Data –
--

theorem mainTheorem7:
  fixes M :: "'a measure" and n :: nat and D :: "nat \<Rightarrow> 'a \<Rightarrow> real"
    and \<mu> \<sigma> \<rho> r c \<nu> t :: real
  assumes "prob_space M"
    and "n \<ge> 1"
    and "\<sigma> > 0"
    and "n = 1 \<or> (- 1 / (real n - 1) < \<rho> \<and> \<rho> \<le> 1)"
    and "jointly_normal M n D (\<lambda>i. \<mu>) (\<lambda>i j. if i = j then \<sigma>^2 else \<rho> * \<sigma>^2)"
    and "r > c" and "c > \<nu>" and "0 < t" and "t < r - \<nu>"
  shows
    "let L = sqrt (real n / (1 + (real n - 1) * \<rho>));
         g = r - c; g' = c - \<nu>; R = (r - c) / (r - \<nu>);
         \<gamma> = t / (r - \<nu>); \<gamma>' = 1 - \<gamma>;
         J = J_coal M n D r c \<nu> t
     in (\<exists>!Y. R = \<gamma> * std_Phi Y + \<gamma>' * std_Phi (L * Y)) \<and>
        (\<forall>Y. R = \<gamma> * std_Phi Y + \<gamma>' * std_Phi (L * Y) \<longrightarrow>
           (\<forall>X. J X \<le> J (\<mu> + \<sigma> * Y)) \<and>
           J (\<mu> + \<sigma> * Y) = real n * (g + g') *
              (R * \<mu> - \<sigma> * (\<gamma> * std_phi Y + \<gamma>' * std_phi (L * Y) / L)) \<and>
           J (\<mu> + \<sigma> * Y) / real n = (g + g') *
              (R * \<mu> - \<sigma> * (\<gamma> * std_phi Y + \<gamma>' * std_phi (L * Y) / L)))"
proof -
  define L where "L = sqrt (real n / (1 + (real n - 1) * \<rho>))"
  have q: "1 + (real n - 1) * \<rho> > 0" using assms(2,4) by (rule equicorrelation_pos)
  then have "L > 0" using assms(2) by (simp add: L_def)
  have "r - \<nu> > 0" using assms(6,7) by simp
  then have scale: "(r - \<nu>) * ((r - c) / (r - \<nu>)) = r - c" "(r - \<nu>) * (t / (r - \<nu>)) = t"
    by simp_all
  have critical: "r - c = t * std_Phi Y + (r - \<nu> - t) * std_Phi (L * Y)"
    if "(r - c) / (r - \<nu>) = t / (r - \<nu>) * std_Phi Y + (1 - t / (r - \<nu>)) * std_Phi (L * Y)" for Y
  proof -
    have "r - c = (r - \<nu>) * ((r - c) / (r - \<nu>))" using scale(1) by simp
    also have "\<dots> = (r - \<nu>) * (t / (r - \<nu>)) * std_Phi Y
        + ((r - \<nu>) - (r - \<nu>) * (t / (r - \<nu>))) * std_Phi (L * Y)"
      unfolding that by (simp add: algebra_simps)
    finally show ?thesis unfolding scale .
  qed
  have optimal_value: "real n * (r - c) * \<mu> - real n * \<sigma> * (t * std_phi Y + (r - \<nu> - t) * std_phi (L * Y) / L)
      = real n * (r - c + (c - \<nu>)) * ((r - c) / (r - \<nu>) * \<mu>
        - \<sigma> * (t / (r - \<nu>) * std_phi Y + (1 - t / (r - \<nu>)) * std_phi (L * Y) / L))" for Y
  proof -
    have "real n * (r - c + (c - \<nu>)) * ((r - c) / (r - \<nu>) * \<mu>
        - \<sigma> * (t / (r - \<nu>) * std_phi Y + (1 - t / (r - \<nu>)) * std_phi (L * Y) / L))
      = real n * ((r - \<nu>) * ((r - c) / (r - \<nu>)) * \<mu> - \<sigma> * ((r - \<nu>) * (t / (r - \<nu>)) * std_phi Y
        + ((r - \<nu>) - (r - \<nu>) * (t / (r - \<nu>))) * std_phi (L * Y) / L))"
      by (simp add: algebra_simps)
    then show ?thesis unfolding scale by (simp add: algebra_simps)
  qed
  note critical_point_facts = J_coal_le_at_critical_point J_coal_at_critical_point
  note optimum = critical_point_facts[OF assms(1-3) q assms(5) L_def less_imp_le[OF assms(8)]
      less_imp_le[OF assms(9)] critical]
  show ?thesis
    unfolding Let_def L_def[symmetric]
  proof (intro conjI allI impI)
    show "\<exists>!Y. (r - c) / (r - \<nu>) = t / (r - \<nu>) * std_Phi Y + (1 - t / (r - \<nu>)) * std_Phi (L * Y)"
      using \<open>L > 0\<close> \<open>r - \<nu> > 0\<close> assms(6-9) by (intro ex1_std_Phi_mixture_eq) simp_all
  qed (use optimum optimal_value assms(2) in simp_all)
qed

--

Exercise details – Select all lines in the listing above where the word "sqrt" appears, and show them.

Exercise result –
    "let L = sqrt (real n / (1 + (real n - 1) * \<rho>));
  define L where "L = sqrt (real n / (1 + (real n - 1) * \<rho>))"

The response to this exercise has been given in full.